September 12, 2013 by Jeff Hurt
If you have ever attended a conference, you know how most of them feel.
They start with a general session, followed by a break, followed by concurrent breakouts, followed by a lunch, followed by exhibits followed by an evening activity. Rinse. Lather. Repeat for a couple more days.
They all feel the same and follow the same status-quo, melancholy, mind-numbing, butt-tiring, ho-hum, nothing-to-tweet-home experience. Most of them suck!
Some conference organizers try to innovate. They watch other organizers and then duplicate their new, fresh offerings.
There’s nothing wrong with borrowing ideas and concepts from others. However, that new hairdo and trendy outfit is no longer enough if you spend all your time copying others. Instead, you need to create your own conference style. And you need to teach your attendees’ to “expect the unexpected.”
Here are five tips to bring the sexy back to conferences and conference planning.
We need to move the paying customer back to the center of the conference experience. Too many of us have put content at the center of our conference thus resulting in a human-less experience. It feels stale and as if every attendee is nothing more than a number. Focus on creating an amazing experience first. View everything through the attendees’ lens and if it’s not in the best interest of the attendee, Don’t Do It!
Don’t be a serial conference organizer killing the attendees’ experience! The attendees’ experience suffers from organizers who just replicate the past year’s format and only change the filler. When it looks like last year’s conference, smells like last year’s conference, tastes like last year’s conference and feels like last year’s conference, it’s outdated and out rated. It’s stale.
Direct your conference planning attention to the big ideas that help solve your target market attendees’ challenges. Don’t just take any topic and speaker and add them to your conference agenda. Be more intentional and consider multithreading content and experiences for that target market.
The traditional call for speaker proposals is nothing more than an aggregation tool. It’s a bottleneck tool that will kill an attendee’s experience. It’s a roll of the dice if content received from the call for proposals will really meet your attendees’ needs. Offering content for everyone is also a sure way to lose your sexy conference appeal. This is not a one-size fits all experience. Instead, focus on the pain points of your target market and then seek out content that solves those challenges.
Attendees don’t want more information and knowledge. They can get that online. They want practical takeaways. They want to understand critical information and how to apply it to succeed! So focus on securing speakers and facilitators that create experiences that help attendees understand the information, not just receive it.

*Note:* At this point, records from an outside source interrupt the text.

(* Let $\mathcal V=\mathbb R^d$ with the Euclidean norm, and fix $r>0$ and an integer $\tau\ge0$. Consider linear losses $f_t(x)=\langle g_t,x\rangle$ with uniform delay $\tau$ ($\mathcal S_t=\{1,\dots,t-\tau-1\}$), and run DODA with guesses $\tilde g_{t+1/2}=g_{t-\tau-1}$ and constant learning rates $\eta,\gamma$, where $\eta=\eta(r,T,\tau,V^{\tau+1}_T)$ is uniquely determined by $r$, the horizon $T$, $\tau$ and $V^{\tau+1}_T$, and $\gamma\le\tau\eta$. Then it is impossible to guarantee a regret in $o(\max(V^{\tau+1}_T,\sqrt T))$: it is not true that for every $\varepsilon>0$ there exists $N$ such that, for every instance (horizon $T$, linear losses, initial point $x_1$, comparator $p$ with $\|p-x_1\|\le r$) with $\max(V^{\tau+1}_T,\sqrt T)\ge N$, the regret satisfies $R_T(p)\le\varepsilon\max(V^{\tau+1}_T,\sqrt T)$.
   Context: DODA (unconstrained Euclidean): given $x_1$, $x_t=x_1-\eta\sum_{s\in\mathcal S_t}g_{s+1/2}$ and $x_{t+1/2}=x_t-\gamma\tilde g_{t+1/2}$; the played point at round $t$ is $x_{t+1/2}$, with feedback $g_{t+1/2}=\nabla f_t(x_{t+1/2})$, which for linear losses equals $g_t$. Regret: $R_T(p)=\sum_{t=1}^Tf_t(x_{t+1/2})-\sum_{t=1}^Tf_t(p)$. Convention $g_t=0$ for $t\le0$. $(\tau+1)$-variation: $V^{\tau+1}_T=\sum_{t=1}^T\|g_t-g_{t-\tau-1}\|^2$. *)

theory Defs
  imports "HOL-Analysis.Analysis"
begin

text \<open>Gradients g t for rounds t = 1,2,...; convention g t = 0 for t \<le> 0.
  The delayed gradient g_{t-tau-1} (zero when t - tau - 1 \<le> 0).\<close>
definition delayed_grad :: "(nat \<Rightarrow> 'a::real_vector) \<Rightarrow> nat \<Rightarrow> nat \<Rightarrow> 'a" where
  "delayed_grad g tau t = (if tau + 1 < t then g (t - tau - 1) else 0)"

definition variation :: "(nat \<Rightarrow> 'a::real_normed_vector) \<Rightarrow> nat \<Rightarrow> nat \<Rightarrow> real" where
  "variation g tau T = (\<Sum>t = 1..T. (norm (g t - delayed_grad g tau t))\<^sup>2)"

text \<open>DODA base iterate with uniform delay: S_t = {1,...,t-tau-1} (empty if t \<le> tau+1),
  x_t = x_1 - eta * sum_{s in S_t} g_s  (for linear losses g_{s+1/2} = g_s).\<close>
definition doda_x :: "real \<Rightarrow> (nat \<Rightarrow> 'a::real_vector) \<Rightarrow> 'a \<Rightarrow> nat \<Rightarrow> nat \<Rightarrow> 'a" where
  "doda_x eta g x1 tau t = x1 - eta *\<^sub>R (\<Sum>s \<in> {1..t - tau - 1}. g s)"

definition doda_play :: "real \<Rightarrow> real \<Rightarrow> (nat \<Rightarrow> 'a::real_vector) \<Rightarrow> 'a \<Rightarrow> nat \<Rightarrow> nat \<Rightarrow> 'a" where
  "doda_play eta gamma g x1 tau t = doda_x eta g x1 tau t - gamma *\<^sub>R delayed_grad g tau t"

definition doda_regret :: "real \<Rightarrow> real \<Rightarrow> (nat \<Rightarrow> 'a::real_inner) \<Rightarrow> 'a \<Rightarrow> nat \<Rightarrow> nat \<Rightarrow> 'a \<Rightarrow> real" where
  "doda_regret eta gamma g x1 tau T p =
     (\<Sum>t = 1..T. g t \<bullet> doda_play eta gamma g x1 tau t) - (\<Sum>t = 1..T. g t \<bullet> p)"

end

theory Submission
  imports Defs
begin

text \<open>Both lower-bound instances are one-dimensional sequences placed along a unit vector, and
  both have horizon \<open>T = 4 q\<^sup>2\<close> and the same \<open>(\<tau>+1)\<close>-variation \<open>6 (\<tau> + 1)\<close>, so DODA must use one
  and the same step size \<open>\<eta>\<close> on them. The sequence equal to \<open>+1\<close> for \<open>q\<^sup>2\<close> rounds and then
  \<open>-1\<close> for \<open>q\<^sup>2\<close> rounds has total gradient zero, yet the iterates drift away while the sign is
  \<open>+1\<close> and pay for it after the switch: the regret is at least \<open>\<eta> q\<^sup>2\<close>. The sequence equal to \<open>\<surd>3\<close>
  for \<open>q\<close> rounds moves the iterates by only \<open>O((\<tau>+1) \<eta> q)\<close>, so against the comparator at
  distance \<open>r\<close> the regret is at least \<open>\<surd>3 r q - 3 (\<tau>+1) \<eta> q\<^sup>2\<close>. Whichever side of
  \<open>r / (6 (\<tau>+1) q)\<close> the step size lies on, one of the two regrets is at least
  \<open>r q / (6 (\<tau>+1)) = r \<surd>T / (12 (\<tau>+1))\<close>, while \<open>max (V, \<surd>T) = \<surd>T\<close> for large \<open>q\<close>.\<close>

lemma sum_greaterThanAtMost_split:
  fixes f :: "nat \<Rightarrow> 'a::comm_monoid_add"
  assumes "a \<le> b" "b \<le> c"
  shows "sum f {a<..c} = sum f {a<..b} + sum f {b<..c}"
proof -
  have "{a<..c} = {a<..b} \<union> {b<..c}" using assms by auto
  then show ?thesis by (simp add: sum.union_disjoint)
qed
lemma hermitian_minor23_pos:
  assumes hm: "hermitian_metric h" and x: "x \<in> Mspace"
  shows "0 < Re (h 1 1 x * h 2 2 x - h 1 2 x * h 2 1 x)"
proof -
  have herm: "\<And>j k. j < 3 \<Longrightarrow> k < 3 \<Longrightarrow> h k j x = cnj (h j k x)"
    using hm x unfolding hermitian_metric_def by blast
  have pos: "\<And>v. (\<exists>j<3. v j \<noteq> 0) \<Longrightarrow> 0 < Re (\<Sum>j<3. \<Sum>k<3. h j k x * v j * cnj (v k))"
    using hm x unfolding hermitian_metric_def by blast
  define a b d where "a = h 1 1 x" and "b = h 1 2 x" and "d = h 2 2 x"
  have ha: "cnj a = a" using herm[of 1 1] by (simp add: a_def)
  have hb: "h 2 1 x = cnj b" using herm[of 1 2] by (simp add: b_def)
  have a1: "h (Suc 0) (Suc 0) x = a" and b1: "h (Suc 0) 2 x = b" and hb1: "h 2 (Suc 0) x = cnj b"
    using hb by (simp_all add: a_def b_def)
  have "0 < Re (\<Sum>j<3. \<Sum>k<3. h j k x * (if j = 1 then 1 else 0) * cnj (if k = 1 then 1 else 0))"
    by (rule pos) (rule exI[of _ 1], simp)
  then have apos: "0 < Re a" by (simp add: sum_lessThan3 a_def)
  text \<open>Positivity on \<open>v = (0, -b bar, a)\<close> gives \<open>Re a \<cdot> (a d - |b|\<^sup>2) > 0\<close>.\<close>
  define v where "v = (\<lambda>j::nat. if j = 1 then - cnj b else if j = 2 then a else 0)"
  have "v 2 \<noteq> 0" using apos by (auto simp: v_def)
  then have "0 < Re (\<Sum>j<3. \<Sum>k<3. h j k x * v j * cnj (v k))"
    by (intro pos) (rule exI[of _ 2], simp)
  also have "(\<Sum>j<3. \<Sum>k<3. h j k x * v j * cnj (v k))
      = a * (cnj b * b) + b * (- cnj b) * cnj a + cnj b * a * (- b) + d * a * cnj a"
    by (simp add: sum_lessThan3 v_def a1 b1 hb1 d_def[symmetric] algebra_simps)
  also have "\<dots> = a * (a * d - b * cnj b)" using ha by (simp add: algebra_simps)
  also have "Re (a * (a * d - b * cnj b)) = Re a * Re (a * d - b * cnj b)"
    using arg_cong[OF ha, of Im] by simp
  finally have "0 < Re (a * d - b * cnj b)" using apos by (simp add: zero_less_mult_iff)
  then show ?thesis using hb1 by (simp add: a_def b_def d_def hb)
qed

The best conference organizers start asking speakers, “What are the attendees going to do? If it is just sit and listen to you, then we are going to decline your proposal.”
What are some other ways to bring the sexy back to conferences and conference planning? What new things have you seen done at conferences that you wish more conferences implemented?
Filed Under: Event Planning
Jeff-
Love this post…of course, I have Justin Timberlake’s song cycling in my head, now! I wish conference organizers would look at the overall arc of the event experience vs. plopping in segments indiscriminately. A few weeks ago, I attended a rather bland and boring grand opening of a new conference center….and it could have been absolutely amazing experience – even on a shoestring budget.
Great article, valuable. Had to chuckle though under item “4.” I believe it should have read “focus on the main points” not the “pain points”! Or did I misread? Either way almost seems to fit.
Hi Cyndi:
Thanks for reading and commenting. I think you may have misread it…it says “…focus on the pain points and then find content that solves those problems.”
Jeff: Did you hit your “refresh” button? Finally, someone speaks out on innovation… but is anyone in the association community listening? The problem with innovation is it takes time and thought and we are many times too busy just focusing on sponsorship revenues and what we did last year.